DeVliegendeHollander comments on California Drought thread - Less Wrong

3 Post author: SanguineEmpiricist 07 May 2015 06:44PM

You are viewing a comment permalink. View the original post to see all comments and the full post content.

Comments (90)

You are viewing a single comment's thread. Show more comments above.

Comment author: [deleted] 08 May 2015 02:10:14PM 1 point [-]

That makes sense on the object level (although I was more interested in the meta, as in how to think beyond econ 101, beyond the supply-demand curve).

I should add that there are grass fields here (Vienna, Austria) that nobody waters and they are green enough - granted, there is far more natural precipitation than in California, granted, they don't look as nice as really "manicured" lawns, but they still look kinda grassy enough. The point is - probably it would be possible to find a different species of lawn grass that looks 80% as good but takes like 30% of the water. I suspect British lawn species may have been imported to Cali and that may not be such a good idea.

Comment author: bogus 10 May 2015 11:08:20PM 3 points [-]

The point is - probably it would be possible to find a different species of lawn grass that looks 80% as good but takes like 30% of the water.

Good news - such a species does exist! It's called "Astroturf", and it requires even less than 30%.

Comment author: VoiceOfRa 09 May 2015 01:34:31AM 0 points [-]

Why is it some Europeans have a hard time imagining that not every place has the same climate as Europe?

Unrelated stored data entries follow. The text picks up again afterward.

(* Let $k\ge1$ and $r\ge1$ be integers, let $\Gamma_1,\ldots,\Gamma_k$ be finite nilpotent groups and let $\Gamma$ be an abelian group (written multiplicatively) of rank at most $r$. Let $\varphi:\Gamma_1\times\cdots\times\Gamma_k\to\Gamma$ be a map that is a homomorphism in each variable. Writing $\varphi(\Gamma_1,\ldots,\Gamma_k)=\{\varphi(g_1,\ldots,g_k):g_i\in\Gamma_i\}$, we have \[ \langle\varphi(\Gamma_1,\ldots,\Gamma_k)\rangle\subset\varphi(\Gamma_1,\ldots,\Gamma_k)^r. \]
   Context: The rank of a group is the minimal cardinality of a generating set. For a subset $X$ of a group, $X^r$ denotes the $r$-fold product set $\{x_1\cdots x_r:x_i\in X\}$, and $\langle X\rangle$ the subgroup generated by $X$. A map is a homomorphism in each variable if fixing all but one argument yields a group homomorphism in the remaining argument. *)

theory Defs
  imports "HOL-Algebra.Algebra"
begin

text \<open>Lower central series: gamma_1 = G, gamma_(n+1) = [gamma_n, G]
  (indexed from 0 here).\<close>
fun lower_central :: "('a, 'b) monoid_scheme \<Rightarrow> nat \<Rightarrow> 'a set" where
  "lower_central G 0 = carrier G"
| "lower_central G (Suc n) =
     generate G {x \<otimes>\<^bsub>G\<^esub> y \<otimes>\<^bsub>G\<^esub> inv\<^bsub>G\<^esub> x \<otimes>\<^bsub>G\<^esub> inv\<^bsub>G\<^esub> y
                 | x y. x \<in> lower_central G n \<and> y \<in> carrier G}"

Comment author: NancyLebovitz 09 May 2015 05:50:46PM 3 points [-]

Because they're human, and humans have a hard time imagining how very different conditions can be.

I know someone who had a hard time raising basil, which mystified me. What could possibly be hard about raising basil? You put it in a pot on a windowsill and water it when it's looking a little limp and it grows.

My friend was living in Wales. Basil needs more sunlight than occurs naturally there.

Left to myself, I never would have believed that water boils at different temperatures in different places. It sounds like a practical joke, but there's good physics behind.